When crafting a set of wax melts, it's likely you'll want them to look as interesting and inviting as possible. Funky-shaped moulds and glitter are great choices when getting started, but a little bit of colour can make all the difference if you're looking for extra variety in your range.

Using colour in your wax melts can also make it easier to theme them for certain holidays like Halloween or Christmas, which will up your seasonal sales if you're looking to make a business out of your creations.

Mica powder has become a staple in the wax melt making world for its vibrant hues and easy formula, so is an ideal choice for adding a little extra colour. If you're curious about using it for yourself, we're running through all you'll need to know in this handy guide.

Can you use mica powder in wax melts?

Using mica powder for wax melts is perfectly safe and is a great way to add a sprinkle of colourful flair to your creations.
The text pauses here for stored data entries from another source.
(* Let $c>0$ be fixed, let $k\in\mathbb{N}$, and let $\phi_k(x)=(x^2+c^2)^{k-1/2}$ be the $k$-th order multiquadric. Let $\{x_j\}_{j\in\mathbb{Z}}\subset\mathbb{R}$ be a scattered sequence. Then for every $\epsilon>0$ and every continuous function $f:[a,b]\to\mathbb{R}$ there exist $N\in\mathbb{N}$ and real coefficients $a_1,\dots,a_N$ such that \[ \sup_{x\in[a,b]}\left|f(x)-\sum_{j=1}^{N}a_j\phi_k(x-x_j)\right|<\epsilon . \]
   Context: A sequence $\mathcal{X}$ of real numbers is $\delta$-separated if $\inf_{x,y\in\mathcal{X},\,x\neq y}|x-y|=\delta>0$. A sequence $\{x_j\}_{j\in\mathbb{Z}}\subset\mathbb{R}$ is called scattered if it is $\delta$-separated for some $\delta>0$ and $\lim_{j\to\pm\infty}x_j=\pm\infty$. *)

theory Defs
  imports "HOL-Analysis.Analysis"
begin

definition multiquadric :: "real \<Rightarrow> nat \<Rightarrow> real \<Rightarrow> real" where
  "multiquadric c k x = (x\<^sup>2 + c\<^sup>2) powr (real k - 1/2)"

definition delta_separated :: "real set \<Rightarrow> real \<Rightarrow> bool" where
  "delta_separated X \<delta> \<longleftrightarrow>
     \<delta> > 0 \<and> Inf {\<bar>x - y\<bar> | x y. x \<in> X \<and> y \<in> X \<and> x \<noteq> y} = \<delta>"

definition scattered :: "(int \<Rightarrow> real) \<Rightarrow> bool" where
  "scattered xs \<longleftrightarrow> (\<exists>\<delta>>0. delta_separated (range xs) \<delta>)
     \<and> filterlim xs at_top at_top \<and> filterlim xs at_bot at_bot"

end

theory Submission
  imports Defs
begin

text \<open>
  By the Weierstrass theorem it suffices to approximate each monomial x^n uniformly on [a, b]
  by combinations of the shifts \<phi>(x - x_j), \<phi> = multiquadric c k, which we do by induction on n. Since
  x_j \<rightarrow> \<infinity>, the shift t = x_j may be taken as large as we like. Writing
  \<phi>(x - t) = (u^2 + c^2) powr (k - 1/2) with u = t - x and expanding binomially, first in c^2/u^2
  and then each power (t - x) powr e in x/t, gives
  \<phi>(x - t) = A_0(t) + A_1(t) x + ... + A_n(t) x^n + O(t powr (E - n - 1)) uniformly for bounded x,
  where A_n(t) ~ \<kappa> t powr (E - n) with \<kappa> \<noteq> 0. Here E = 2k - 1 if n < 2k; otherwise the
  polynomial part (t - x)^(2k - 1) of the expansion does not contribute to x^n, and E = -1 comes
  from the next term. Hence (\<phi>(x - t) - sum_{p<n} A_p(t) x^p) / A_n(t) \<rightarrow> x^n uniformly.
\<close>

section \<open>Uniform approximation by combinations of a sequence of functions\<close>

definition uniformly_approximable :: "real set \<Rightarrow> (nat \<Rightarrow> real \<Rightarrow> real) \<Rightarrow> (real \<Rightarrow> real) \<Rightarrow> bool"
  where "uniformly_approximable S F g \<longleftrightarrow>
    (\<forall>\<epsilon>>0. \<exists>(N::nat) coef. \<forall>x\<in>S. \<bar>g x - (\<Sum>j=1..N. coef j * F j x)\<bar> < \<epsilon>)"

lemma uniformly_approximable_basis:
  assumes "j \<ge> 1"
  shows "uniformly_approximable S F (F j)"
  unfolding uniformly_approximable_def
proof (intro allI impI)
  fix \<epsilon> :: real assume "\<epsilon> > 0"
  have "(\<Sum>i=1..j. (if i = j then 1 else 0) * F i x) = F j x" for x
  proof -
    have "(\<Sum>i=1..j. (if i = j then 1 else 0) * F i x) = (\<Sum>i=1..j. if i = j then F j x else 0)"
      by (rule sum.cong) auto
    also have "\<dots> = F j x"
      using assms by simp
    finally show ?thesis .
  qed
  with \<open>\<epsilon> > 0\<close> show "\<exists>N coef. \<forall>x\<in>S. \<bar>F j x - (\<Sum>i=1..N. coef i * F i x)\<bar> < \<epsilon>"
    by (intro exI[of _ j] exI[of _ "\<lambda>i. if i = j then 1 else 0"]) simp
qed

lemma uniformly_approximable_zero: "uniformly_approximable S F (\<lambda>x. 0)"
  unfolding uniformly_approximable_def by (intro allI impI exI[of _ 0]) auto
Mica powder is a fine, shimmery pigment that gives wax melts their colour as well as an iridescent sheen, similar to glitter. Mica powder is often used in cosmetic products like eyeshadow and can offer a very eye-catching effect in the light.

Sadly, while mica powder is great for wax melts, it should not be used in candles. Mica powder can easily be drawn up the wick and cause your candles to burn incorrectly.

More importantly, they can also pose a greater fire risk, which will make any insurance you have on your candles invalid. In short, stick to using mica powder in your wax melts only and you should be okay.

How much mica powder in wax melts should you add?

Adding mica powder to wax melts is, sadly, not as easy as just stirring it in. If you try to mix the powder with hot wax, it's likely to sink to the bottom and not distribute evenly across your product.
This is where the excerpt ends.